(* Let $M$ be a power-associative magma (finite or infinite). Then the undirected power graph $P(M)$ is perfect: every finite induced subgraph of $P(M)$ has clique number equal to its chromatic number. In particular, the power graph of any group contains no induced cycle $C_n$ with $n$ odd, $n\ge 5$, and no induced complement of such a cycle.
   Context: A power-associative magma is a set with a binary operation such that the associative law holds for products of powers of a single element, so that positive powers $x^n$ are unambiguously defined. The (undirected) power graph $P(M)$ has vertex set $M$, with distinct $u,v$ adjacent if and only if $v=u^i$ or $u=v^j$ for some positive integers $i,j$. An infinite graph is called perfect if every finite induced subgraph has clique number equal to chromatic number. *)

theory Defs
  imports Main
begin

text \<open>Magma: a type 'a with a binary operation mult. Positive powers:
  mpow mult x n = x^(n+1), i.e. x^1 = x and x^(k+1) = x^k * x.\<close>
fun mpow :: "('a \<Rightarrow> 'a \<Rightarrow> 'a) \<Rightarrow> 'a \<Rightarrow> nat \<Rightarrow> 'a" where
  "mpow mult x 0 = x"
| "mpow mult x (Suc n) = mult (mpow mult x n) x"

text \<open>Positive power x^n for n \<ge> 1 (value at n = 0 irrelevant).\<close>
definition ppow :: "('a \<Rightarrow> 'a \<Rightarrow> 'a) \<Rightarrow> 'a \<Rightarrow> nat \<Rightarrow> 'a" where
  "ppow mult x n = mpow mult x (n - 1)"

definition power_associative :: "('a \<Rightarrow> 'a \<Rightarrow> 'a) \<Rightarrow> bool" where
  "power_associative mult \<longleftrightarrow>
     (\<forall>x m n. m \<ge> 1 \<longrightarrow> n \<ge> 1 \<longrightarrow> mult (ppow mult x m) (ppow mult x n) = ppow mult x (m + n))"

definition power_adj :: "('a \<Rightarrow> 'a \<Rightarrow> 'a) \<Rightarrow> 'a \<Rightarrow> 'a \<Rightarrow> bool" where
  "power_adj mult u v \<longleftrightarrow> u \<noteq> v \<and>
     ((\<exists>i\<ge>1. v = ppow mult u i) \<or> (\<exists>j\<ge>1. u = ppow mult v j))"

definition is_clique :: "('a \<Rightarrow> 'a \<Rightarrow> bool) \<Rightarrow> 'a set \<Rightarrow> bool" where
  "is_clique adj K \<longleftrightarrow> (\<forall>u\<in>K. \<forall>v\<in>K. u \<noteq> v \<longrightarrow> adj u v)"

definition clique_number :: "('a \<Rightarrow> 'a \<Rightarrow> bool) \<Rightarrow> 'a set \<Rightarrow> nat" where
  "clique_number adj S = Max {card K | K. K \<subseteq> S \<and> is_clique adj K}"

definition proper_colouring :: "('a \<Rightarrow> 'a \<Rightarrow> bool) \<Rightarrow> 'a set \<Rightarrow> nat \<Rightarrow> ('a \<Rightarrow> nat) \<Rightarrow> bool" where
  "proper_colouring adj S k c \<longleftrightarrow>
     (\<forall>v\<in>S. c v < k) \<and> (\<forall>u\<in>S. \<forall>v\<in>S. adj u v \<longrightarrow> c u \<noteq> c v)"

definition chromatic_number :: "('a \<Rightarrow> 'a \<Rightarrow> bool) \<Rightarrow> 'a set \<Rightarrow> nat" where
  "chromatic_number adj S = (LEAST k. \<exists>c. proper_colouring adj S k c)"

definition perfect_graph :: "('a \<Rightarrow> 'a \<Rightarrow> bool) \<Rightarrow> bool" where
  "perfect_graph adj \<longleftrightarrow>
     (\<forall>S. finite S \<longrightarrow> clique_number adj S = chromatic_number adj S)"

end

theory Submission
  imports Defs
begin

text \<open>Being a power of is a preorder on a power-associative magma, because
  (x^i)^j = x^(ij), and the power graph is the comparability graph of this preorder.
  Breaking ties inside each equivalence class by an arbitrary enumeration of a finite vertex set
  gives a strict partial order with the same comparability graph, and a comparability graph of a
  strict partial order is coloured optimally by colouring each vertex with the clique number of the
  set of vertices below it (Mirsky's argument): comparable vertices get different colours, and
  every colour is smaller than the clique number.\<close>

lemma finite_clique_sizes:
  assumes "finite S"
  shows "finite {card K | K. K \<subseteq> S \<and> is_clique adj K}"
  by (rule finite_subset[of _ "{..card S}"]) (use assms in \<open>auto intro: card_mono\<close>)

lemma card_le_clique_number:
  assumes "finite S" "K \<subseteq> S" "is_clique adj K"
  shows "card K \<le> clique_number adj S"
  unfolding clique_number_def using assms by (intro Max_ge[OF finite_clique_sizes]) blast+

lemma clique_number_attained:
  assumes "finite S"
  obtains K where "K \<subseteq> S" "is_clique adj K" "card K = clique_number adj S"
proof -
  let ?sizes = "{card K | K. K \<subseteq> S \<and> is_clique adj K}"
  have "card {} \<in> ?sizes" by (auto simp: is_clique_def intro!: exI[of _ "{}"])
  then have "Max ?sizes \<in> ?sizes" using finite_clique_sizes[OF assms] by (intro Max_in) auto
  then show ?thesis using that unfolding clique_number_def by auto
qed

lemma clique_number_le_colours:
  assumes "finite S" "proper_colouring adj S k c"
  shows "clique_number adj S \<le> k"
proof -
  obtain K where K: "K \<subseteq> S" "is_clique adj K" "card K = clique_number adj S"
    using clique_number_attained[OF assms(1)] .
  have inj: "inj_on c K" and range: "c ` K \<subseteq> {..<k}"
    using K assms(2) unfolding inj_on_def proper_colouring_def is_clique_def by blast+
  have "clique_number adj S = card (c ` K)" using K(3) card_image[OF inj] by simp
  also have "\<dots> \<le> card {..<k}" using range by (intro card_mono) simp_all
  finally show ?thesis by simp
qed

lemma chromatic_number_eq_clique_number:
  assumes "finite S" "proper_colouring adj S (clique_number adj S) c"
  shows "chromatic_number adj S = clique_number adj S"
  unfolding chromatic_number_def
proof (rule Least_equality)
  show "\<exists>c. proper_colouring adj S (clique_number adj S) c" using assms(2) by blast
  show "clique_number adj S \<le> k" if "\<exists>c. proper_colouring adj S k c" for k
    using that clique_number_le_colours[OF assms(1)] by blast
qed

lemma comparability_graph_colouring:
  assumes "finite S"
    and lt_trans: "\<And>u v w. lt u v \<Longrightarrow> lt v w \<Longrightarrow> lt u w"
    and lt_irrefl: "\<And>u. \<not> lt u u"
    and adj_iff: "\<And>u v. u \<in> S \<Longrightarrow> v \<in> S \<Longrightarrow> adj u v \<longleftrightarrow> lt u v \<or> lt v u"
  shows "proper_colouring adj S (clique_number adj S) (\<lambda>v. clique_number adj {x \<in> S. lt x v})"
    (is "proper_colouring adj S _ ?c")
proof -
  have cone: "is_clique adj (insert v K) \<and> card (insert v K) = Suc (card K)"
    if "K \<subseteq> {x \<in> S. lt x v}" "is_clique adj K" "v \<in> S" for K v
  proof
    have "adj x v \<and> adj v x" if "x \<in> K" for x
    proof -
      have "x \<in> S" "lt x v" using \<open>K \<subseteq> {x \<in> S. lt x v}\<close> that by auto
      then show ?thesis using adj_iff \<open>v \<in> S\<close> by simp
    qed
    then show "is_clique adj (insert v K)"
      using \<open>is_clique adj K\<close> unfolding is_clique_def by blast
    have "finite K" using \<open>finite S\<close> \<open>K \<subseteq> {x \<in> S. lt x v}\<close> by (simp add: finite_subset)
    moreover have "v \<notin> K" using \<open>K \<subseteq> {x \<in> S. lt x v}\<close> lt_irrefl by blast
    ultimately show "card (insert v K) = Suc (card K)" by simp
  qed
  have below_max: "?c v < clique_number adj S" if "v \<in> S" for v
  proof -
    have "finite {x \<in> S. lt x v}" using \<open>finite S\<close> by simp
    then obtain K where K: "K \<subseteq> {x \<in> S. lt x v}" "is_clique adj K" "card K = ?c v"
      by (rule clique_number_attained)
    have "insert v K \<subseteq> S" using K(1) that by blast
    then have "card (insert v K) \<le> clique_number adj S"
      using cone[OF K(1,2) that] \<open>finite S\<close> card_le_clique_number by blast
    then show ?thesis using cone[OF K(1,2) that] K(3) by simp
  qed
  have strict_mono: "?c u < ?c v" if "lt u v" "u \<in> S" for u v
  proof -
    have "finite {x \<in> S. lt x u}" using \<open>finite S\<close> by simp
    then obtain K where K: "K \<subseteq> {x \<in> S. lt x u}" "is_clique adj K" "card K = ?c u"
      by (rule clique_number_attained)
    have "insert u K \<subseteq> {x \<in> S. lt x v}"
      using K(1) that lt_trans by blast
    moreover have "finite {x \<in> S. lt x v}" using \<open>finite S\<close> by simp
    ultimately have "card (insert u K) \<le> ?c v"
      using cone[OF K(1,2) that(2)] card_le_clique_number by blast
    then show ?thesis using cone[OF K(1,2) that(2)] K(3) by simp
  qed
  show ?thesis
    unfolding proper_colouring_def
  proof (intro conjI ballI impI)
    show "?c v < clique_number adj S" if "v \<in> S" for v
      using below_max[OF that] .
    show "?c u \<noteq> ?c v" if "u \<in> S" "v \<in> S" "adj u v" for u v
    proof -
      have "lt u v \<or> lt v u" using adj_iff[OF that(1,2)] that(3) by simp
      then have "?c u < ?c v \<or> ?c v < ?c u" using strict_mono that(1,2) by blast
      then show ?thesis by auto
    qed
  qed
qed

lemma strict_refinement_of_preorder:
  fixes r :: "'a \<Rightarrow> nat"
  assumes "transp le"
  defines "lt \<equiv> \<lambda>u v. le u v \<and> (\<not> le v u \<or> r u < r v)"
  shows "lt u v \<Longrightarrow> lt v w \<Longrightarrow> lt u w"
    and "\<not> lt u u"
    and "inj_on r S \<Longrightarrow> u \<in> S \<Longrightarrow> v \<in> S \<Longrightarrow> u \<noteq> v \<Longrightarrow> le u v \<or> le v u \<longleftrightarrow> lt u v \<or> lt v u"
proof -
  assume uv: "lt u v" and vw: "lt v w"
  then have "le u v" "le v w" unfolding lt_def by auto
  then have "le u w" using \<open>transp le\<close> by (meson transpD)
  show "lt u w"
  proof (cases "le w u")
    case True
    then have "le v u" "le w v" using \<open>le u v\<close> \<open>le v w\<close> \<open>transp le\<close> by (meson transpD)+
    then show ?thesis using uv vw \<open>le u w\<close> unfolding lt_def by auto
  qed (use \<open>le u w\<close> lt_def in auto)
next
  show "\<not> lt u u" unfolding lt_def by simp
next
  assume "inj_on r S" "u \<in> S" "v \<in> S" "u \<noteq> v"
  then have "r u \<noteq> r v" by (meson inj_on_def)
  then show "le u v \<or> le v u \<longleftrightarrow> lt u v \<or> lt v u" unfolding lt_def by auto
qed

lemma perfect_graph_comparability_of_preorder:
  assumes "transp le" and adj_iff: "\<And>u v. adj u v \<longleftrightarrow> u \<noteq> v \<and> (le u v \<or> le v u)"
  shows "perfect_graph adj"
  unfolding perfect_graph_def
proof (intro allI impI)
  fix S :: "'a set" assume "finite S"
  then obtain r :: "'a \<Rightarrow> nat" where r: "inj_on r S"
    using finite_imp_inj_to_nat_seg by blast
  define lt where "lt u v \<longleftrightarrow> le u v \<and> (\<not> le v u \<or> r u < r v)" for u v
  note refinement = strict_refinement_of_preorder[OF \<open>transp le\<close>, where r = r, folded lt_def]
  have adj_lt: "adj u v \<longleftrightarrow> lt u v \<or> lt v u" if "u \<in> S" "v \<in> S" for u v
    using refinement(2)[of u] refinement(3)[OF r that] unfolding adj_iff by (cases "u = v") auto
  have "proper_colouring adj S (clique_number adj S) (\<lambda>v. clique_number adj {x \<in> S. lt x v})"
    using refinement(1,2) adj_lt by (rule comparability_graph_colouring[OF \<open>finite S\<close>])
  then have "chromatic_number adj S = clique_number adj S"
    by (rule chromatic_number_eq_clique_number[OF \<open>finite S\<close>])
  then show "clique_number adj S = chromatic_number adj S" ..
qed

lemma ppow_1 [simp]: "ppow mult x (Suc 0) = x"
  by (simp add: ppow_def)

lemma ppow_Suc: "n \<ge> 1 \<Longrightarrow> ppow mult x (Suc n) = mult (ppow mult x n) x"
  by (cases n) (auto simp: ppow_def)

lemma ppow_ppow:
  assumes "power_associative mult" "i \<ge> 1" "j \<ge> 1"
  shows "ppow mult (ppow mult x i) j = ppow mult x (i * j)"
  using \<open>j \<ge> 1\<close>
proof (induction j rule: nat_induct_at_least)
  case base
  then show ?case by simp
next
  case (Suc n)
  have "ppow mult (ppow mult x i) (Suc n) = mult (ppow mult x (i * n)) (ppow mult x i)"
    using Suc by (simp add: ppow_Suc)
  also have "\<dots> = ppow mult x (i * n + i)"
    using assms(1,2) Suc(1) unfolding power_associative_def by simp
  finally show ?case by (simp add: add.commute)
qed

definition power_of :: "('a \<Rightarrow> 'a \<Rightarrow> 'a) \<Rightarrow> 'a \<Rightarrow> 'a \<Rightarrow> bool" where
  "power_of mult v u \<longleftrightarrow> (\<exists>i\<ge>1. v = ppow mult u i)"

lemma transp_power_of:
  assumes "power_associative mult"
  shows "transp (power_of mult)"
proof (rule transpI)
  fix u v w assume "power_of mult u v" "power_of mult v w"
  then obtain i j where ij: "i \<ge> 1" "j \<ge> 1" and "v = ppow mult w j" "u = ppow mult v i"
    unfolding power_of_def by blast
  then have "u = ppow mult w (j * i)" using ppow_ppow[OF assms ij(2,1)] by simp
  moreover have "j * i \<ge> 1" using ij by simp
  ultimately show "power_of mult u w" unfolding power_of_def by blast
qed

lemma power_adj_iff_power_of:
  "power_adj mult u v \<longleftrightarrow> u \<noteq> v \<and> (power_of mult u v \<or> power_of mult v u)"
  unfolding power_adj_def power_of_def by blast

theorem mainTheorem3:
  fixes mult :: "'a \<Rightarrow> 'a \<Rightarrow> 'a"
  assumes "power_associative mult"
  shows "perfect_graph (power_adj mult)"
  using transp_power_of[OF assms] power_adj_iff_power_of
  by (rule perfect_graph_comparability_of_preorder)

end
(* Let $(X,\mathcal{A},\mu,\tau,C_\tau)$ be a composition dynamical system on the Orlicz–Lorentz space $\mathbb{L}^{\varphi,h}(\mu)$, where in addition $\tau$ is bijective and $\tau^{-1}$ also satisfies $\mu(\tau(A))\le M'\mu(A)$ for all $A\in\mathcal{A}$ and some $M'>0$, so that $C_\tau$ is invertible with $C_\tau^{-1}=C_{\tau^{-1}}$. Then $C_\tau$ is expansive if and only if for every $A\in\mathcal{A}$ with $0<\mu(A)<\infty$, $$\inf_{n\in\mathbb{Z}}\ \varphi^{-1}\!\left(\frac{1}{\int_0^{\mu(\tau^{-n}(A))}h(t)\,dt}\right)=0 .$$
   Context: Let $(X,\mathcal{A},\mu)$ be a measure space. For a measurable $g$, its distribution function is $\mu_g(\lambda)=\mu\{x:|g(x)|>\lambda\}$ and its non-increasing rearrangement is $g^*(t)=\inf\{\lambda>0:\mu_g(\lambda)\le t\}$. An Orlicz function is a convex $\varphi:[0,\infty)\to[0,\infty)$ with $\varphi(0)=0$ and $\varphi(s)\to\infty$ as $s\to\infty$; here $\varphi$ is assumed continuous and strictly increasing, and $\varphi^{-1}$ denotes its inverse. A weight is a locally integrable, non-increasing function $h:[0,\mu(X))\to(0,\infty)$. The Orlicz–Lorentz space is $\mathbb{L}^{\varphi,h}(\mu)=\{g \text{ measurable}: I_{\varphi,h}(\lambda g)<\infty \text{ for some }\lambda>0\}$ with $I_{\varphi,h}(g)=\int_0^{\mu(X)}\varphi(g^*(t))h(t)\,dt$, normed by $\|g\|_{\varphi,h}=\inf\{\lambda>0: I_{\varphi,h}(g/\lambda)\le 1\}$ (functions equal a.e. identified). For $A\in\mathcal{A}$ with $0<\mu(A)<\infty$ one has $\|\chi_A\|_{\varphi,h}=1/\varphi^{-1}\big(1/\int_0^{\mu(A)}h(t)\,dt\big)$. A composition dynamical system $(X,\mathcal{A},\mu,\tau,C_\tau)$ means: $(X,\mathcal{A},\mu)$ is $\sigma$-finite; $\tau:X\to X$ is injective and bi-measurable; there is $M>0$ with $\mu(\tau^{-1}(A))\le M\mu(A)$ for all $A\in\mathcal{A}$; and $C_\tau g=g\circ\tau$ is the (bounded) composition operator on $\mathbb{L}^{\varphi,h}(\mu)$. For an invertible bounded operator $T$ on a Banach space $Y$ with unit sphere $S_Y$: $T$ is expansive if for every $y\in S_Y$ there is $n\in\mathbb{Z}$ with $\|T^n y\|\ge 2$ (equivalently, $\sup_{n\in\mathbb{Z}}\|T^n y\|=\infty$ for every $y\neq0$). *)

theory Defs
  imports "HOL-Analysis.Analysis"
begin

------------------------------

Directions » Copy each line above where the string "operation" occurs.

Finished exercise »
   Context: A power-associative magma is a set with a binary operation such that the associative law holds for products of powers of a single element, so that positive powers $x^n$ are unambiguously defined. The (undirected) power graph $P(M)$ has vertex set $M$, with distinct $u,v$ adjacent if and only if $v=u^i$ or $u=v^j$ for some positive integers $i,j$. An infinite graph is called perfect if every finite induced subgraph has clique number equal to chromatic number. *)
text \<open>Magma: a type 'a with a binary operation mult. Positive powers:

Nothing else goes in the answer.